▶ [EXERCISE]: Go through the records line by line and work out how many lines hold the word "curve". Answer with the number only.

Dataset items:

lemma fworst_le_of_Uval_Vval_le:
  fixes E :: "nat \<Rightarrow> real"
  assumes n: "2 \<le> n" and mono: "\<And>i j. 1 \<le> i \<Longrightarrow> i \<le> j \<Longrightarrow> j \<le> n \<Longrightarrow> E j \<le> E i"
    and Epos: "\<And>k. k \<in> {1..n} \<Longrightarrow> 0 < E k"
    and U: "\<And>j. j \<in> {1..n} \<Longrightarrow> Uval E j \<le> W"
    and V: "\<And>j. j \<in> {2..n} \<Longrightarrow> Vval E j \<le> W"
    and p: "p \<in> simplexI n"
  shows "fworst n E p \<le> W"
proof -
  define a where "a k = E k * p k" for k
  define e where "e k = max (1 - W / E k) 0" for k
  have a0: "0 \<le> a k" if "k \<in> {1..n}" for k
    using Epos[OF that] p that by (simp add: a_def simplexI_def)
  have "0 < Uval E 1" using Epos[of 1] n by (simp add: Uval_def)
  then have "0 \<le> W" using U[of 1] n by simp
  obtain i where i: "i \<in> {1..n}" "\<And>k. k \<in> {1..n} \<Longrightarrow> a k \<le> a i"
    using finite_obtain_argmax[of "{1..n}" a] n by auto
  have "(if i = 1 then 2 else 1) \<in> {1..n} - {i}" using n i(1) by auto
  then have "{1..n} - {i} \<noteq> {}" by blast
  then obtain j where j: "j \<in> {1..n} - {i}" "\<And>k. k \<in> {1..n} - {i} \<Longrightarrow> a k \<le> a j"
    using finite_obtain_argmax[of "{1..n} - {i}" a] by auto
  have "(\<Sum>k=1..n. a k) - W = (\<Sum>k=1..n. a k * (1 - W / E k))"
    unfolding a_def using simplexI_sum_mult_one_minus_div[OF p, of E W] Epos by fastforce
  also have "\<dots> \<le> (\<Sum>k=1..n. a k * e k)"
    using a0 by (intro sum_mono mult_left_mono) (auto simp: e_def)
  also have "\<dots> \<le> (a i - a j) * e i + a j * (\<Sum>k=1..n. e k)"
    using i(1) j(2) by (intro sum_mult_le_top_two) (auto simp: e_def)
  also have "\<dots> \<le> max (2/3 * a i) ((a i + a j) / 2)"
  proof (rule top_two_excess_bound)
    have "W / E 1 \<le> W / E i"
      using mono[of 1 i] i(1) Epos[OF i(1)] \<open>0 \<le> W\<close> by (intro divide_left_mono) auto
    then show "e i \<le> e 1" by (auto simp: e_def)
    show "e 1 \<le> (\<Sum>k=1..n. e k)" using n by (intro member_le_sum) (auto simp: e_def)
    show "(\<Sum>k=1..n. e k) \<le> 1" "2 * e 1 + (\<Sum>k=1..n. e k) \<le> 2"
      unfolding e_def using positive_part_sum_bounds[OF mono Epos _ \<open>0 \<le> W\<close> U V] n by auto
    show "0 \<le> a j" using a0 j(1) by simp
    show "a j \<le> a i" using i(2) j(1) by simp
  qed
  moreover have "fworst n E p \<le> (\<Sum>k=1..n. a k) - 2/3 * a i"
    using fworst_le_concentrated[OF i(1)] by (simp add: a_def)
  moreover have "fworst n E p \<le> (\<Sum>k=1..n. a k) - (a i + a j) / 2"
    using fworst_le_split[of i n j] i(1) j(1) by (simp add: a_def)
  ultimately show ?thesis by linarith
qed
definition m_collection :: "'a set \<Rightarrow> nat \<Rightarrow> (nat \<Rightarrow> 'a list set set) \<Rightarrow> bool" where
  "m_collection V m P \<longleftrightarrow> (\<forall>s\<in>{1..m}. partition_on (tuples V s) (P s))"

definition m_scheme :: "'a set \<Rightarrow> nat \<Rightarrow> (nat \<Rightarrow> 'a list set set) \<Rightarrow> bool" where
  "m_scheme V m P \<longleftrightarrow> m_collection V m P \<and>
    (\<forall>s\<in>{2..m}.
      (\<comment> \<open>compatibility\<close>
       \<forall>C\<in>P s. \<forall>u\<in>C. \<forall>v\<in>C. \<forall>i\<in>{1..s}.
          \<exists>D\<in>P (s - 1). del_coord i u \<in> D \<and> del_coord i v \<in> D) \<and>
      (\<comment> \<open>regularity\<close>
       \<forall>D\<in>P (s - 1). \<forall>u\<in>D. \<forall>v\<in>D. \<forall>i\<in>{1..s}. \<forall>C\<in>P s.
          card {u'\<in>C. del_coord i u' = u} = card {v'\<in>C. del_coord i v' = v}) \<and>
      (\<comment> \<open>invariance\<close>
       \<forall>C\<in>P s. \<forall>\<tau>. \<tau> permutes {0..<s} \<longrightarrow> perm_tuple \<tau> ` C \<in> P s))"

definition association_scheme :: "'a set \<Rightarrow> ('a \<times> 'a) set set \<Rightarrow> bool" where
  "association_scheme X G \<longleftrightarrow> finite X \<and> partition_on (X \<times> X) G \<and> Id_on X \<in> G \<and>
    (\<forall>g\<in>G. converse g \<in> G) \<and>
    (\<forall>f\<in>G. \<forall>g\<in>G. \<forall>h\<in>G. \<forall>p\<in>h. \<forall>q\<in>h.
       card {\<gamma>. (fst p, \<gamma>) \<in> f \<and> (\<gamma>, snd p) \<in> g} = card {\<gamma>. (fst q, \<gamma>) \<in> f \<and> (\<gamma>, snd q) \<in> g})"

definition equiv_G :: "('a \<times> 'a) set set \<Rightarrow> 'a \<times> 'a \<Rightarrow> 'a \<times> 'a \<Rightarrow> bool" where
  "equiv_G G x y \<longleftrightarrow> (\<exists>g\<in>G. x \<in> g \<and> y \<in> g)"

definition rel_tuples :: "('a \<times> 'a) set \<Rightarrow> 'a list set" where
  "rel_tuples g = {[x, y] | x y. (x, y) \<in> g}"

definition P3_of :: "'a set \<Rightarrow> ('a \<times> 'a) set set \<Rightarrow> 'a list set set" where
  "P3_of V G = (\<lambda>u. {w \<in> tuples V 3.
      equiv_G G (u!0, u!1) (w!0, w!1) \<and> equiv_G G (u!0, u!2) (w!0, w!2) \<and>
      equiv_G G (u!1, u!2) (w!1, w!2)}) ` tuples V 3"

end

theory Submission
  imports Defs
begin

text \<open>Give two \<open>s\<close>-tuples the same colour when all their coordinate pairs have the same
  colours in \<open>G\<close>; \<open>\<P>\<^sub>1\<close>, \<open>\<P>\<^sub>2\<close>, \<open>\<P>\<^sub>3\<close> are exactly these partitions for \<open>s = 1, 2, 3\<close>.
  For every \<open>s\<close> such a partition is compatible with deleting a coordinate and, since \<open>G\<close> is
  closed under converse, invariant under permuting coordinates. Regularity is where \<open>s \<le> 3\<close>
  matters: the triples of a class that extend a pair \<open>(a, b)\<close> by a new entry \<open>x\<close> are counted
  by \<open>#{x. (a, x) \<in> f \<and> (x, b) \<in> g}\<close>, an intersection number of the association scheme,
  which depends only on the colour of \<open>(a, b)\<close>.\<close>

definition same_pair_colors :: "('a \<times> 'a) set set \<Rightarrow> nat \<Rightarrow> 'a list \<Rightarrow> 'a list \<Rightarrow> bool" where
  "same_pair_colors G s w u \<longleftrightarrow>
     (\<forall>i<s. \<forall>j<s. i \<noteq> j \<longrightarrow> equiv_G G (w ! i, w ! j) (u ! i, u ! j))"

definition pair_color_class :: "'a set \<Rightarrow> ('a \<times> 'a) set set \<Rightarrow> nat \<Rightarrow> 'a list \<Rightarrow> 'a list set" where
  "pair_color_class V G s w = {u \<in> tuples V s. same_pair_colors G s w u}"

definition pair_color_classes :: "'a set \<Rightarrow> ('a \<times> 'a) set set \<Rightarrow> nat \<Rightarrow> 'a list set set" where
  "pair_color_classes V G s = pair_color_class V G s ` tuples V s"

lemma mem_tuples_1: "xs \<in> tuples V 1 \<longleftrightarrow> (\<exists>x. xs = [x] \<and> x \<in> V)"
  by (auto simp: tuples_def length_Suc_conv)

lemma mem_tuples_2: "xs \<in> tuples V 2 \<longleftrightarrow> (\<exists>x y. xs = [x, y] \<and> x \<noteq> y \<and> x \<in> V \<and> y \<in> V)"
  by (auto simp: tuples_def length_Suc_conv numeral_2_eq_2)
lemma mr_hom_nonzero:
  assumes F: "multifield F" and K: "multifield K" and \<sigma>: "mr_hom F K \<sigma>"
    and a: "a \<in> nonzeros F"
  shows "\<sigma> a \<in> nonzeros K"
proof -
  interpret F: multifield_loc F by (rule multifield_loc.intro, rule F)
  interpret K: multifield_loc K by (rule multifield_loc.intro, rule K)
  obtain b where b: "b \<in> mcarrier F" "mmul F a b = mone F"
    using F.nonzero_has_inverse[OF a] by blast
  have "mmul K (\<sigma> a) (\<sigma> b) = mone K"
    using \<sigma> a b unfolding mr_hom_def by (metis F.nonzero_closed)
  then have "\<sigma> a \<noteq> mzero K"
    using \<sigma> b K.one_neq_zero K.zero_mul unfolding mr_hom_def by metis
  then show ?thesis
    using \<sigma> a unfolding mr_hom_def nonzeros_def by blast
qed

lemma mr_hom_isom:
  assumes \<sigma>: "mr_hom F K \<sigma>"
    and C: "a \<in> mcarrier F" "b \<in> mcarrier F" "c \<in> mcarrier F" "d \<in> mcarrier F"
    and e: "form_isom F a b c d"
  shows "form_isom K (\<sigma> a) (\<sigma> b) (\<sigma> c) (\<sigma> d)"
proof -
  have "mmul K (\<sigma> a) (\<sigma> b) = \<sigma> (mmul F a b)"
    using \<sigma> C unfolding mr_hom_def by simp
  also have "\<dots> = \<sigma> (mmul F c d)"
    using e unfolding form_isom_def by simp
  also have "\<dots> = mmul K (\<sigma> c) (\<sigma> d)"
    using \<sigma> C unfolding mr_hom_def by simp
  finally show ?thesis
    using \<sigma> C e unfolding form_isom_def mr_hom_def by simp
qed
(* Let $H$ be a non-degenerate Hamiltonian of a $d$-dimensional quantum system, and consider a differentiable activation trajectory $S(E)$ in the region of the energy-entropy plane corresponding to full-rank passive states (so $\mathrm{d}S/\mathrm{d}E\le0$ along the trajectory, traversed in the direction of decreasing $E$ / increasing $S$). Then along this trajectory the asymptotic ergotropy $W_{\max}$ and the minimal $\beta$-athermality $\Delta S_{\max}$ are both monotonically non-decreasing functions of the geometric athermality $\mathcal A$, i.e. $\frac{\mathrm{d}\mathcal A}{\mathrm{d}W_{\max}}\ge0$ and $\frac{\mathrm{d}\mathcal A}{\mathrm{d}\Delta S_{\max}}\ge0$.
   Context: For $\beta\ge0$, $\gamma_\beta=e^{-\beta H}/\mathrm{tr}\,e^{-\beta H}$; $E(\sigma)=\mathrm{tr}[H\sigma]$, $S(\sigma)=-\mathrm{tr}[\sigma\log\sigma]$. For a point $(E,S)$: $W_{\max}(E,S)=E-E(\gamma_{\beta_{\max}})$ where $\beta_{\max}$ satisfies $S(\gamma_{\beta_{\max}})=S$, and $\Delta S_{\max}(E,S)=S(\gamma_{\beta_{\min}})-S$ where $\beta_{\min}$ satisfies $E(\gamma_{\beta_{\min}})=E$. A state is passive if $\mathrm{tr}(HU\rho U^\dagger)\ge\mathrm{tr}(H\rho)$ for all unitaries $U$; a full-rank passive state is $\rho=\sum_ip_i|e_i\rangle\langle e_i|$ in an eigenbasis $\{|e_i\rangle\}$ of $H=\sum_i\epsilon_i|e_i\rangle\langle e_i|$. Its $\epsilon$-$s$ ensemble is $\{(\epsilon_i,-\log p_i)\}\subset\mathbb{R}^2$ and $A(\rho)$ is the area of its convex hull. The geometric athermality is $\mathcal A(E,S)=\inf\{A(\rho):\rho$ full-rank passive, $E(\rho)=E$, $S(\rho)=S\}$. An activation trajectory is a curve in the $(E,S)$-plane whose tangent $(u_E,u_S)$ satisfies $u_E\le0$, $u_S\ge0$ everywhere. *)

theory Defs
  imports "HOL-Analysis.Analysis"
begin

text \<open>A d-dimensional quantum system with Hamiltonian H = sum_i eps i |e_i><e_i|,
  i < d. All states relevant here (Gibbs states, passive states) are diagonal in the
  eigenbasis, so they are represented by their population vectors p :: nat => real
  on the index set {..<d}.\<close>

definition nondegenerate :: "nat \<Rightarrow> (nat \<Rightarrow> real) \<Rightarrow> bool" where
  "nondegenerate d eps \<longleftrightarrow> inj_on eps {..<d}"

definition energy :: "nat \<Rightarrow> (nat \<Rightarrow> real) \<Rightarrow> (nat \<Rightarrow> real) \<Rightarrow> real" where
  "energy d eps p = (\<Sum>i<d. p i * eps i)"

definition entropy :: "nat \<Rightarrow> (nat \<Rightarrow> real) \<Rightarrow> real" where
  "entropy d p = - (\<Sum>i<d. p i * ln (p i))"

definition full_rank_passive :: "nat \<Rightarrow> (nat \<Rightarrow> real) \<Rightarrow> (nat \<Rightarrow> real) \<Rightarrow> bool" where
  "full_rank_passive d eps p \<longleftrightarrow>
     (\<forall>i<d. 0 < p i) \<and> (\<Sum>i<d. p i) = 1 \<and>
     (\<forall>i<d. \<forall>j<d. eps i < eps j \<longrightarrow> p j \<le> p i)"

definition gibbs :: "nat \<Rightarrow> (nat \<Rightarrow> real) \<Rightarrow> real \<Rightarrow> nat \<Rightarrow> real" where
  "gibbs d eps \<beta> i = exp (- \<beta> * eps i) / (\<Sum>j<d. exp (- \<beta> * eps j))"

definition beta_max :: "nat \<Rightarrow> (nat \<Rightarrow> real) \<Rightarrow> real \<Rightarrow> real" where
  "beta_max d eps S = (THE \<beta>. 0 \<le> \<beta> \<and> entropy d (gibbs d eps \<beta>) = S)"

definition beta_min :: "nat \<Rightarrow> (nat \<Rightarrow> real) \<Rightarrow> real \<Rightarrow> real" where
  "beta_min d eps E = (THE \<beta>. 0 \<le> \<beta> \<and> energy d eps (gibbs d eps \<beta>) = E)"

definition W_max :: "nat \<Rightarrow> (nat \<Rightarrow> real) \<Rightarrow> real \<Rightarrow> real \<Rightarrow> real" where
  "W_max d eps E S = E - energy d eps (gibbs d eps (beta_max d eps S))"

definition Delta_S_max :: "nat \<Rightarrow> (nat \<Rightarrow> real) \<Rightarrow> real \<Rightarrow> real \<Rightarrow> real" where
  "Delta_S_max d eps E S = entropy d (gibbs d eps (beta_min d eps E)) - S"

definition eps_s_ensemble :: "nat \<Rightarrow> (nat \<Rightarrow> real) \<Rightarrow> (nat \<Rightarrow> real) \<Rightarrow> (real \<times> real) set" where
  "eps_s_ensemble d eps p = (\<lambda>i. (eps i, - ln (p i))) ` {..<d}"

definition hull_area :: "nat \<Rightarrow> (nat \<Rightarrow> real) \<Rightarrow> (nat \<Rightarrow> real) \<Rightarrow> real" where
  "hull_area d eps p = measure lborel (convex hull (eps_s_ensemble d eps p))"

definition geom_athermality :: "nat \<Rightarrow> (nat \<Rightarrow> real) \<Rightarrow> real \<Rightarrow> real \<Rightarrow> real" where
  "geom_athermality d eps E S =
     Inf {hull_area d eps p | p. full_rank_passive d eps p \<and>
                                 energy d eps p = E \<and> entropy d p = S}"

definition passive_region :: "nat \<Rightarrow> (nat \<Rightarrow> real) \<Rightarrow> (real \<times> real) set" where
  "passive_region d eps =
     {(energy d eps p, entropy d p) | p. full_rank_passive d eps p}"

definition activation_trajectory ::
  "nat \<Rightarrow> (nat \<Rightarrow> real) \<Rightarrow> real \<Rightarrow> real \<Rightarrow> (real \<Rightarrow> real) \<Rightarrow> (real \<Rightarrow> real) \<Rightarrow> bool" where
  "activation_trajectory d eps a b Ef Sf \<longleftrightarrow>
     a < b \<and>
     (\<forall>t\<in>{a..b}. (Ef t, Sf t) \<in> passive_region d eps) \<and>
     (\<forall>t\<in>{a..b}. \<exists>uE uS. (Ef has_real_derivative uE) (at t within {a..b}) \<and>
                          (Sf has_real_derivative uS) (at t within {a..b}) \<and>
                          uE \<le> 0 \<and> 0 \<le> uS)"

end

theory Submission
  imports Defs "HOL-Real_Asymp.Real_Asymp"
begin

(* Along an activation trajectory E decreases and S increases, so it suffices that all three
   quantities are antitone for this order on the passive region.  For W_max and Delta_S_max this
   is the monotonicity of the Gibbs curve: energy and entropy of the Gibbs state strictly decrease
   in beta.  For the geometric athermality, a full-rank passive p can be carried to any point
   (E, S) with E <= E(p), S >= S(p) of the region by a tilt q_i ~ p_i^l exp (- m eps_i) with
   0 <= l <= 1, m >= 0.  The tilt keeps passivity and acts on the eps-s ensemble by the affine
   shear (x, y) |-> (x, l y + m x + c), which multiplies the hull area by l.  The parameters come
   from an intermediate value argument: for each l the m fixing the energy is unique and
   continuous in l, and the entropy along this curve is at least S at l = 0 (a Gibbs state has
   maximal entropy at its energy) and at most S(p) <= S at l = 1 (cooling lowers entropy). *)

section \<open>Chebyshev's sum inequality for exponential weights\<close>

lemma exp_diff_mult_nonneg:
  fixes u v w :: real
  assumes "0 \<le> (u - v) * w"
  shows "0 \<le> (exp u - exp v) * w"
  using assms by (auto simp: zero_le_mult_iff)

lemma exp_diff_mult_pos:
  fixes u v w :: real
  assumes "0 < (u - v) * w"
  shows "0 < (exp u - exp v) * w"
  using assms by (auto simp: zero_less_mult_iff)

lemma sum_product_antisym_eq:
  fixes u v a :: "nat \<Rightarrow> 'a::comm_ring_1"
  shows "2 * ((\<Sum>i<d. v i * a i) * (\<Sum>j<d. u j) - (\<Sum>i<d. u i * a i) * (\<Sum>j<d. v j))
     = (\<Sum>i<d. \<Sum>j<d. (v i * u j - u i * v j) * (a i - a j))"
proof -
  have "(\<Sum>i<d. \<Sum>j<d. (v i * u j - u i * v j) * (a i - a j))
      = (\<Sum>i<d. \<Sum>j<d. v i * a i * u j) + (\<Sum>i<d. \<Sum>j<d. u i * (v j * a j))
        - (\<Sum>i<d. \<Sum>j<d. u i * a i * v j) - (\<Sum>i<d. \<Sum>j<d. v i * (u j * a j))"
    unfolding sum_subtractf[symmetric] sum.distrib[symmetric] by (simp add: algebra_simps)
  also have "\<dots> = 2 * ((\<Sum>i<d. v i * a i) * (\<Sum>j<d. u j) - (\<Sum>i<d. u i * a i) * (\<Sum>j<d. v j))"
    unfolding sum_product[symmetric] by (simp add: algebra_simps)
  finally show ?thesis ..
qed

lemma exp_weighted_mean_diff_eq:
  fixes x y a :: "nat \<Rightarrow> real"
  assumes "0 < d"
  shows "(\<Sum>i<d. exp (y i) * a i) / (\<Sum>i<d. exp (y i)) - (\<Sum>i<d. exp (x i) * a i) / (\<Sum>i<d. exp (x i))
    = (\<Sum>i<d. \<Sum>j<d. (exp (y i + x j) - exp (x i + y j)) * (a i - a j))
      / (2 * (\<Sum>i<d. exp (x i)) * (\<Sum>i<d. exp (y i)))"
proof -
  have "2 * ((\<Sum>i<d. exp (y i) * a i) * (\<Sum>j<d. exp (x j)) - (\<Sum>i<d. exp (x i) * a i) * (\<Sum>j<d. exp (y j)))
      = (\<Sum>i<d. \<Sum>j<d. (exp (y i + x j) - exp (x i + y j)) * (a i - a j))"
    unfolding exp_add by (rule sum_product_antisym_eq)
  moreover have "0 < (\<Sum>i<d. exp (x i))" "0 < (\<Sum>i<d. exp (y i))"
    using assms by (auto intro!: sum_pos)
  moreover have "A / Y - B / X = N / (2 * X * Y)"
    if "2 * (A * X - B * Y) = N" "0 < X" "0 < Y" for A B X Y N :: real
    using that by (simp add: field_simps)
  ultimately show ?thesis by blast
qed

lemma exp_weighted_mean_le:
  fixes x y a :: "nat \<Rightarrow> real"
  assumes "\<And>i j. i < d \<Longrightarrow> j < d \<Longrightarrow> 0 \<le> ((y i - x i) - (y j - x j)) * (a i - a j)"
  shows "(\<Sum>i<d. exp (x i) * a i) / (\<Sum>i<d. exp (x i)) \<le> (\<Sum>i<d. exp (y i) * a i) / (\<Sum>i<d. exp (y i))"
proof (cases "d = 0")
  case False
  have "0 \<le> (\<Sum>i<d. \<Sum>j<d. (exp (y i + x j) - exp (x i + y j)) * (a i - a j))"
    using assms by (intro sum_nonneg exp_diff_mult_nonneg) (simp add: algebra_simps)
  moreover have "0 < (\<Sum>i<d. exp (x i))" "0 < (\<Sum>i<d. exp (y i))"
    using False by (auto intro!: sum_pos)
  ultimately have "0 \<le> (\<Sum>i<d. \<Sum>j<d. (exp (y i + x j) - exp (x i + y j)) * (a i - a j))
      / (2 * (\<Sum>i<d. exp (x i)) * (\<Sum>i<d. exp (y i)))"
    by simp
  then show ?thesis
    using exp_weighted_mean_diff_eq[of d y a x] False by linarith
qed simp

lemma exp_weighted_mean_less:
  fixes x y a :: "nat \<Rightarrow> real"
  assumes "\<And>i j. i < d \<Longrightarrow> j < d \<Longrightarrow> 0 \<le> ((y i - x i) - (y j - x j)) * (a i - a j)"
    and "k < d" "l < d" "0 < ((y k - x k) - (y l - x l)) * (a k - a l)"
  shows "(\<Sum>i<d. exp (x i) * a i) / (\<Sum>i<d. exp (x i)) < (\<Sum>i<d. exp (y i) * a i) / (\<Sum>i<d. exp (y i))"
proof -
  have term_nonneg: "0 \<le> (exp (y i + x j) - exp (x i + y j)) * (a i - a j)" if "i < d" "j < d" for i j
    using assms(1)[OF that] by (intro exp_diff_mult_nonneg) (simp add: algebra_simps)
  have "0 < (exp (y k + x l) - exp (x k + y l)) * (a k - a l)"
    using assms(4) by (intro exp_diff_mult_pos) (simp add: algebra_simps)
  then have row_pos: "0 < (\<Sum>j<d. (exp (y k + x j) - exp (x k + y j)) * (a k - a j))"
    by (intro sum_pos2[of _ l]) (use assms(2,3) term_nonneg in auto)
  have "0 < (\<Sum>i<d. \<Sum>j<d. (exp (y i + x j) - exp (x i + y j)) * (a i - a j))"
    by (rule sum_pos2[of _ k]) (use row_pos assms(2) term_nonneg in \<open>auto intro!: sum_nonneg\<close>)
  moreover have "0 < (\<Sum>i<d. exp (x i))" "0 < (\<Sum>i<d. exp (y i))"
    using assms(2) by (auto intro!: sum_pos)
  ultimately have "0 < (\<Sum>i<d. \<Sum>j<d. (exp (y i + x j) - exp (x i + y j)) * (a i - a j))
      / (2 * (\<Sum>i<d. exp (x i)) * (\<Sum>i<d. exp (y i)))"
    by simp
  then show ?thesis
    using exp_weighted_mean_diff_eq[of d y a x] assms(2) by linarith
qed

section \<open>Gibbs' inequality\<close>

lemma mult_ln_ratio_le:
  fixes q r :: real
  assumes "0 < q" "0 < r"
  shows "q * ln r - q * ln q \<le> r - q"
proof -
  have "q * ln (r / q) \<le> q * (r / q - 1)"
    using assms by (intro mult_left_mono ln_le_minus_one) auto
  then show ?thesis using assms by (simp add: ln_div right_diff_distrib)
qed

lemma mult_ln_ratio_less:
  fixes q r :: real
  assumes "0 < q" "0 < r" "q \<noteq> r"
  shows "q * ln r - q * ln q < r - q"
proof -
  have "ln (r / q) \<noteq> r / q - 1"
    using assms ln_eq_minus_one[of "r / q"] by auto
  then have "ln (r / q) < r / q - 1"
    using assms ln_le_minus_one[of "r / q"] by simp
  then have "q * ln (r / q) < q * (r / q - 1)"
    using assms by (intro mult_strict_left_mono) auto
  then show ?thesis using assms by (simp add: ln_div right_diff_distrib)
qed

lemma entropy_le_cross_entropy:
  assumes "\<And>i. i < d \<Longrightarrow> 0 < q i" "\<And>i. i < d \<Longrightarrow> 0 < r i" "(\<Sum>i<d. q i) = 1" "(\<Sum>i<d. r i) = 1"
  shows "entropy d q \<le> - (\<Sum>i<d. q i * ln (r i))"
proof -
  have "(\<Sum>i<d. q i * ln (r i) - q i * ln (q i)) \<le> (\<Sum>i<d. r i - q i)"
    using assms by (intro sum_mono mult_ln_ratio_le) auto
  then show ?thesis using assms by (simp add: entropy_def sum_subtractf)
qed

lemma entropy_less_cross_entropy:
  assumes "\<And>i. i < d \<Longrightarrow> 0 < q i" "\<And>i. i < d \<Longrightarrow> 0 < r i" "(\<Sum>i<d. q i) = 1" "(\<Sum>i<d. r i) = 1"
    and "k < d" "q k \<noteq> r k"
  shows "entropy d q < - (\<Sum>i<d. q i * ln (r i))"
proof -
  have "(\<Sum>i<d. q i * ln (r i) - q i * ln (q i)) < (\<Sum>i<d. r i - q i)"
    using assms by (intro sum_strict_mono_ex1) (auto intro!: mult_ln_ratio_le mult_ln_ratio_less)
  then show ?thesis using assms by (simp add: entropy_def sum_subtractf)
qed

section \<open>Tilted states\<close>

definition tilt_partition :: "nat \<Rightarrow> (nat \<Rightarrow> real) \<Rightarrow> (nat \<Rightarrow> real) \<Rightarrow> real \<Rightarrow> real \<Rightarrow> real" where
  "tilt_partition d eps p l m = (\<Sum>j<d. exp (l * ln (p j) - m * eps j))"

▶ [OUTPUT FOR THIS EXERCISE]: 3